Possibly comment in the abstract about eugenics/ anti-natalism. Antinatalism is an interesting viewpoint that ‘birth is highly non consentual’ and how can we believe that our children will be happy consequently. So given that by the act of birth, we will be likely introducing unhappiness into the system we should be far more considerate of when we have children. THen there are considerations about whether this is a policy that should be enacted by the government? Given that one can recognise that births can be inappropriate for the mother and the child to be and feel that for the sake of society who would have to support an individual, a soul, another mouth to feed for what purpose, should the government come forth and enact policies on when people can bear children? What would such policies even look like? Would we vet people by intelligence, wealth and capacity to support a child? Would we allow people to have their third child before we allowed others to have their first child? Should we even live in a society where it’s questionable whether certain people should have children?

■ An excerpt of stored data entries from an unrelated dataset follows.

lemma Epow_add_le:
  assumes p: "1 \<le> p"
    and u: "u \<in> borel_measurable M" "\<And>x. 0 \<le> u x"
    and v: "v \<in> borel_measurable M" "\<And>x. 0 \<le> v x"
  shows "Epow p M (\<lambda>x. u x + v x) \<le> Epow p M u + Epow p M v"
proof (cases "Epow p M u = \<top> \<or> Epow p M v = \<top>")
  case False
  then obtain A B where AB: "Epow p M u = ennreal A" "Epow p M v = ennreal B" "0 \<le> A" "0 \<le> B"
    by (metis ennreal_cases)
  have "Epow p M (\<lambda>x. u x + v x) \<le> ennreal (A + B) + ennreal e" if e: "0 < e" for e
  proof -
    define a b where "a = A + e / 2" and "b = B + e / 2"
    have ab: "0 < a" "0 < b" "a + b = A + B + e"
      using AB e by (auto simp: a_def b_def)
    have "Epow p M u \<le> ennreal a" "Epow p M v \<le> ennreal b"
      using AB e by (auto simp: a_def b_def)
    then have "(\<integral>\<^sup>+ x. ennreal ((u x / a) powr p) \<partial>M) \<le> 1" "(\<integral>\<^sup>+ x. ennreal ((v x / b) powr p) \<partial>M) \<le> 1"
      using p ab u v by (simp_all add: Epow_le_ennreal_iff)
    then have "(\<integral>\<^sup>+ x. ennreal (((u x + v x) / (a + b)) powr p) \<partial>M) \<le> 1"
      using nn_integral_powr_add_le_1[OF p ab(1,2) u _ v] by blast
    then have "Epow p M (\<lambda>x. u x + v x) \<le> ennreal (a + b)"
      using p ab u v by (simp add: Epow_le_ennreal_iff add_nonneg_nonneg)
    then show ?thesis
      using ab AB e by (simp flip: ennreal_plus)
  qed
  then show ?thesis
    using AB by (simp flip: ennreal_plus add: ennreal_le_epsilon)
qed auto
lemma disk_moment_scale:
  assumes r: "r > 0"
  shows "disk_moment k r = ennreal (r ^ (2*k+2)) * disk_moment k 1"
proof -
  have "disk_moment k r = ennreal (r^2) *
      (\<integral>\<^sup>+x. indicator (ball (0::complex) r) (r *\<^sub>R x) * ennreal (norm (r *\<^sub>R x) ^ (2*k)) \<partial>lborel)"
    unfolding disk_moment_def
    by (rule nn_integral_lborel_complex_scale[OF _ r]) measurable
  also have "(\<lambda>x::complex. indicator (ball (0::complex) r) (r *\<^sub>R x) * ennreal (norm (r *\<^sub>R x) ^ (2*k)))
     = (\<lambda>x. ennreal (r^(2*k)) * (indicator (ball 0 1) x * ennreal (norm x ^ (2*k))))"
  proof
    fix x :: complex
    have "r *\<^sub>R x \<in> ball 0 r \<longleftrightarrow> x \<in> ball 0 1" using r by (simp add: abs_of_pos)
    then show "indicator (ball (0::complex) r) (r *\<^sub>R x) * ennreal (norm (r *\<^sub>R x) ^ (2*k))
        = ennreal (r^(2*k)) * (indicator (ball 0 1) x * ennreal (norm x ^ (2*k)))"
      using r by (auto simp: indicator_def abs_of_pos power_mult_distrib ennreal_mult)
  qed
  also have "(\<integral>\<^sup>+x. ennreal (r^(2*k)) * (indicator (ball (0::complex) 1) x * ennreal (norm x ^ (2*k))) \<partial>lborel)
     = ennreal (r^(2*k)) * disk_moment k 1"
    unfolding disk_moment_def
    by (rule nn_integral_cmult) measurable
  finally show ?thesis
    using r by (simp add: mult.assoc[symmetric] ennreal_mult[symmetric] power_add[symmetric] add.commute)
qed
lemma fundamental_domain_homeomorphism_image:
  assumes D: "fundamental_domain G X D" and hom: "homeomorphism X Y f f'"
    and invariant: "\<And>g. g \<in> G \<Longrightarrow> g ` X \<subseteq> X"
    and equivariant: "\<And>g x. g \<in> G \<Longrightarrow> x \<in> X \<Longrightarrow> f (g x) = g (f x)"
  shows "fundamental_domain G Y (f ` D)"
proof -
  have DX: "D \<subseteq> X" and conn: "connected D" and closed: "closedin (top_of_set X) D"
    and cover: "X = (\<Union>g\<in>G. g ` D)"
    and disjoint: "\<And>g g'. g \<in> G \<Longrightarrow> g' \<in> G \<Longrightarrow> g \<noteq> g' \<Longrightarrow>
                     top_of_set X interior_of (g ` D \<inter> g' ` D) = {}"
    using D by (auto simp: fundamental_domain_def)
  have hm: "homeomorphic_map (top_of_set X) (top_of_set Y) f"
    using homeomorphism_imp_homeomorphic_map[OF hom] .
  have inj: "inj_on f X"
    using hom by (metis homeomorphism_apply1 inj_on_inverseI)
  have commute: "g ` f ` D = f ` g ` D" if "g \<in> G" for g
  proof -
    have "g ` f ` D = (\<lambda>x. g (f x)) ` D"
      by (rule image_image)
    also have "\<dots> = (\<lambda>x. f (g x)) ` D"
      using equivariant[OF that] DX by (intro image_cong) auto
    also have "\<dots> = f ` g ` D"
      by (rule image_image[symmetric])
    finally show ?thesis .
  qed
  have gDX: "g ` D \<subseteq> X" if "g \<in> G" for g
    using invariant[OF that] DX by blast
  show ?thesis
    unfolding fundamental_domain_def
  proof (intro conjI ballI impI)
    show "f ` D \<subseteq> Y"
      using DX homeomorphism_image1[OF hom] by blast
    show "connected (f ` D)"
      using conn continuous_on_subset[OF homeomorphism_cont1[OF hom] DX]
      by (rule connected_continuous_image[rotated])
    show "closedin (top_of_set Y) (f ` D)"
      using homeomorphic_map_closedness[OF hm] DX closed by simp
    have "Y = f ` (\<Union>g\<in>G. g ` D)"
      using homeomorphism_image1[OF hom] cover by simp
    also have "\<dots> = (\<Union>g\<in>G. f ` g ` D)"
      by (rule image_UN)
    also have "\<dots> = (\<Union>g\<in>G. g ` f ` D)"
      using commute by (intro SUP_cong) auto
    finally show "Y = (\<Union>g\<in>G. g ` f ` D)" .
    fix g g' assume g: "g \<in> G" and g': "g' \<in> G" and "g \<noteq> g'"
    have "g ` f ` D \<inter> g' ` f ` D = f ` (g ` D \<inter> g' ` D)"
      using commute[OF g] commute[OF g'] inj_on_image_Int[OF inj gDX[OF g] gDX[OF g']] by simp
    moreover have "top_of_set Y interior_of f ` (g ` D \<inter> g' ` D)
                     = f ` (top_of_set X interior_of (g ` D \<inter> g' ` D))"
      by (rule homeomorphic_map_interior_of[OF hm]) (use gDX[OF g] in auto)
    ultimately show "top_of_set Y interior_of (g ` f ` D \<inter> g' ` f ` D) = {}"
      using disjoint[OF g g' \<open>g \<noteq> g'\<close>] by simp
  qed
qed

section \<open>Connected transversals of a linked family\<close>

locale map_group =
  fixes G :: "('a \<Rightarrow> 'a) set"
  assumes id_in_G: "id \<in> G"
    and comp_in_G: "\<And>g h. g \<in> G \<Longrightarrow> h \<in> G \<Longrightarrow> g \<circ> h \<in> G"
    and inverse_in_G: "\<And>g. g \<in> G \<Longrightarrow> \<exists>h\<in>G. g \<circ> h = id \<and> h \<circ> g = id"
begin

lemma obtain_inverse:
  assumes "g \<in> G"
  obtains h where "h \<in> G" "g \<circ> h = id" "h \<circ> g = id"
  using inverse_in_G[OF assms] by blast

definition translates :: "'a set set \<Rightarrow> 'a set set" where
  "translates R = {F. \<exists>g\<in>G. \<exists>F'\<in>R. F = g ` F'}"

definition partial_transversal :: "'a set set \<Rightarrow> bool" where
  "partial_transversal R \<longleftrightarrow> (\<forall>F\<in>R. \<forall>F'\<in>R. \<forall>g\<in>G. F = g ` F' \<longrightarrow> F = F')"

lemma partial_transversalD:
  "partial_transversal R \<Longrightarrow> F \<in> R \<Longrightarrow> F' \<in> R \<Longrightarrow> g \<in> G \<Longrightarrow> F = g ` F' \<Longrightarrow> F = F'"
  unfolding partial_transversal_def by blast

lemma subset_translates: "R \<subseteq> translates R"
proof
  fix F assume "F \<in> R"
  then show "F \<in> translates R"
    unfolding translates_def using id_in_G by (auto intro!: bexI[of _ id])
qed

lemma translates_image:
  assumes "g \<in> G" "F \<in> translates R"
  shows "g ` F \<in> translates R"
proof -
  obtain h F' where "h \<in> G" "F' \<in> R" "F = h ` F'"
    using assms(2) unfolding translates_def by blast
  then have "g \<circ> h \<in> G" "g ` F = (g \<circ> h) ` F'"
    using comp_in_G[OF assms(1)] by (auto simp: image_comp)
  then show ?thesis
    using \<open>F' \<in> R\<close> unfolding translates_def by blast
qed

lemma translates_image_cancel:
  assumes "g \<in> G" "g ` F \<in> translates R"
  shows "F \<in> translates R"
proof -
  obtain h where h: "h \<in> G" "h \<circ> g = id"
    using obtain_inverse[OF assms(1)] by blast
  then have "F = h ` g ` F"
    by (simp add: image_comp)
  then show ?thesis
    using translates_image[OF h(1) assms(2)] by simp
qed

lemma partial_transversal_insert:
  assumes R: "partial_transversal R" and F: "F \<notin> translates R"
  shows "partial_transversal (insert F R)"
  unfolding partial_transversal_def
proof (intro ballI impI)
  fix A B g assume A: "A \<in> insert F R" and B: "B \<in> insert F R" and g: "g \<in> G" and AB: "A = g ` B"
  consider "A = F" "B = F" | "A = F" "B \<in> R" | "A \<in> R" "B = F" | "A \<in> R" "B \<in> R"
    using A B by blast
  then show "A = B"
  proof cases
    case 2
    then have "F \<in> translates R"
      using translates_image[OF g, of B R] subset_translates AB by auto
    with F show ?thesis ..
  next
    case 3
    then have "F \<in> translates R"
      using translates_image_cancel[OF g, of F R] subset_translates AB by auto
    with F show ?thesis ..
  next
    case 4
    then show ?thesis
      using partial_transversalD[OF R _ _ g AB] by blast
  qed simp
qed

lemma ex1_representative:
  assumes R: "partial_transversal R" and F: "F \<in> translates R"
  shows "\<exists>!F'. F' \<in> R \<and> (\<exists>g\<in>G. F = g ` F')"
proof -
  obtain F1 g1 where F1: "F1 \<in> R" "g1 \<in> G" "F = g1 ` F1"
    using F unfolding translates_def by blast
  have "F2 = F1" if F2: "F2 \<in> R" "g2 \<in> G" "F = g2 ` F2" for F2 g2
  proof -
    obtain h where h: "h \<in> G" "h \<circ> g2 = id"
      using obtain_inverse[OF F2(2)] by blast
    have "F2 = h ` g2 ` F2"
      using h(2) by (simp add: image_comp)
    also have "\<dots> = (h \<circ> g1) ` F1"
      using F1(3) F2(3) by (simp add: image_comp)
    finally show ?thesis
      using partial_transversalD[OF R F2(1) F1(1) comp_in_G[OF h(1) F1(2)]] by blast
  qed
  then show ?thesis
    using F1 by (intro ex1I[of _ F1]) auto
qed

end

locale linked_family = map_group G for G :: "('a::topological_space \<Rightarrow> 'a) set" +
  fixes \<F> :: "'a set set"
  assumes finite_family: "finite \<F>"
    and connected_member: "\<And>F. F \<in> \<F> \<Longrightarrow> connected F"
    and image_member: "\<And>g F. g \<in> G \<Longrightarrow> F \<in> \<F> \<Longrightarrow> g ` F \<in> \<F>"
    and linked: "\<And>\<A>. \<A> \<subseteq> \<F> \<Longrightarrow> \<A> \<noteq> {} \<Longrightarrow> \<A> \<noteq> \<F> \<Longrightarrow>
                   (\<And>g F. g \<in> G \<Longrightarrow> F \<in> \<A> \<Longrightarrow> g ` F \<in> \<A>) \<Longrightarrow> \<Union>\<A> \<inter> \<Union>(\<F> - \<A>) \<noteq> {}"
begin

lemma translates_subset_family:
  assumes "R \<subseteq> \<F>"
  shows "translates R \<subseteq> \<F>"
proof
  fix F assume "F \<in> translates R"
  then obtain g F' where "g \<in> G" "F' \<in> R" "F = g ` F'"
    unfolding translates_def by blast
  then show "F \<in> \<F>"
    using image_member assms by blast
qed

lemma exists_adjacent_untranslated:
  assumes R: "R \<subseteq> \<F>" "R \<noteq> {}" and missed: "\<not> \<F> \<subseteq> translates R"
  obtains F where "F \<in> \<F>" "F \<notin> translates R" "F \<inter> \<Union>R \<noteq> {}"
proof -
  have "translates R \<subseteq> \<F>" "translates R \<noteq> {}" "translates R \<noteq> \<F>"
    using translates_subset_family[OF R(1)] subset_translates[of R] R(2) missed by auto
  from linked[OF this translates_image]
  obtain y T F2 where T: "T \<in> translates R" "y \<in> T"
    and F2: "F2 \<in> \<F>" "F2 \<notin> translates R" "y \<in> F2"
    by blast
  obtain g F1 where F1: "g \<in> G" "F1 \<in> R" "T = g ` F1"
    using T(1) unfolding translates_def by blast
  obtain h where h: "h \<in> G" "h \<circ> g = id"
    using obtain_inverse[OF F1(1)] by blast
  have "h y \<in> F1"
    using T(2) F1(3) h(2) by (auto simp: pointfree_idE)
  then have "h ` F2 \<inter> \<Union>R \<noteq> {}"
    using F1(2) F2(3) by blast
  moreover have "h ` F2 \<notin> translates R"
    using translates_image_cancel[OF h(1), of F2 R] F2(2) by blast
  ultimately show ?thesis
    using that image_member[OF h(1) F2(1)] by blast
qed

lemma connected_transversal_exists:
  obtains R where "R \<subseteq> \<F>" "\<F> \<subseteq> translates R" "partial_transversal R" "connected (\<Union>R)"
proof -
  define C where "C = {R. R \<subseteq> \<F> \<and> partial_transversal R \<and> connected (\<Union>R)}"
  have "finite C"
  proof (rule finite_subset)
    show "C \<subseteq> Pow \<F>"
      unfolding C_def by blast
    show "finite (Pow \<F>)"
      using finite_family by simp
  qed
  moreover have "{} \<in> C"
    unfolding C_def partial_transversal_def by simp
  ultimately obtain R where "R \<in> C" and maximal: "\<And>R'. R' \<in> C \<Longrightarrow> R \<subseteq> R' \<Longrightarrow> R = R'"
    using finite_has_maximal[of C] by blast
  then have R: "R \<subseteq> \<F>" "partial_transversal R" "connected (\<Union>R)"
    unfolding C_def by auto
  have "\<F> \<subseteq> translates R"
  proof (rule ccontr)
    assume missed: "\<not> \<F> \<subseteq> translates R"
    obtain F where F: "F \<in> \<F>" "F \<notin> translates R" "connected (F \<union> \<Union>R)"
    proof (cases "R = {}")
      case True
      obtain F where "F \<in> \<F>" "F \<notin> translates R"
        using missed by blast
      then show ?thesis
        using that[of F] connected_member[of F] True by simp
    next
      case False
      then obtain F where "F \<in> \<F>" "F \<notin> translates R" "F \<inter> \<Union>R \<noteq> {}"
        using exists_adjacent_untranslated[OF R(1) _ missed] by blast
      then show ?thesis
        using that connected_Un[OF connected_member R(3)] by blast
    qed
    have "insert F R \<in> C"
      unfolding C_def using F R(1) partial_transversal_insert[OF R(2) F(2)] by auto
    then have "insert F R = R"
      using maximal by blast
    then show False
      using F(2) subset_translates[of R] by blast
  qed
  then show ?thesis
    using R that by blast
qed

end

section \<open>Orbit polytopes\<close>

locale orbit_polytope = map_group G for G :: "('a::euclidean_space \<Rightarrow> 'a) set" +
  fixes v0 :: 'a
  assumes finite_G: "finite G"
    and orthogonal_G: "\<And>g. g \<in> G \<Longrightarrow> orthogonal_transformation g"
    and free_on_sphere: "\<And>g x. g \<in> G \<Longrightarrow> x \<in> sphere 0 1 \<Longrightarrow> g x = x \<Longrightarrow> g = id"
    and v0_in_sphere: "v0 \<in> sphere 0 1"
    and affine_hull_orbit: "affine hull ((\<lambda>g. g v0) ` G) = UNIV"
begin

abbreviation V where "V \<equiv> (\<lambda>g. g v0) ` G"
abbreviation P where "P \<equiv> convex hull V"

lemma linear_G: "g \<in> G \<Longrightarrow> linear g"
  using orthogonal_G orthogonal_transformation_linear by blast

lemma inj_G: "g \<in> G \<Longrightarrow> inj g"
  using orthogonal_G orthogonal_transformation_inj by blast

lemma normalize_G: "g \<in> G \<Longrightarrow> g (x /\<^sub>R norm x) = g x /\<^sub>R norm (g x)"
  using orthogonal_G linear_G by (simp add: linear_scale orthogonal_transformation_norm)

lemma fixes_nonzero_imp_id:
  assumes "g \<in> G" "g x = x" "x \<noteq> 0"
  shows "g = id"
  using free_on_sphere[OF assms(1), of "x /\<^sub>R norm x"] assms by (simp add: normalize_G)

To answer that last question, everyone would emphatically agree that we shouldn’t live in a society where people who want to should be denied having children purely due to financial reasons where others can. However if we believe in some state sanctioned anti-natalism, then presumably we believe even in a Communist Utopia that there should be some restrictions around child rearing for the sake of the wider society.

I’ve somewhat been lost from my original point around siblings. I am also very interested in the social, mating and general behaviours of people depending on their position in the sibling hierarchy. This stems from a personal interest as a child, an eldest child and as a sibling but this was particularly prompted from a discussion wiht my friends about how comparatively few eldest children seem to be at Cambridge (or at least in my social circle). There is also an interesting discussion about similarity between only children and eldest children.

Do eldest children bear more in common with only children than other children with siblings and do they even bear more in common with only children than other children with siblings? Remember there is a heavy confounding factor here of the age difference between the children that comes very apparent in this discussion as it is quite likely that the eldest child may have lived for a substanial time as an only child and this will play an important developmental effect.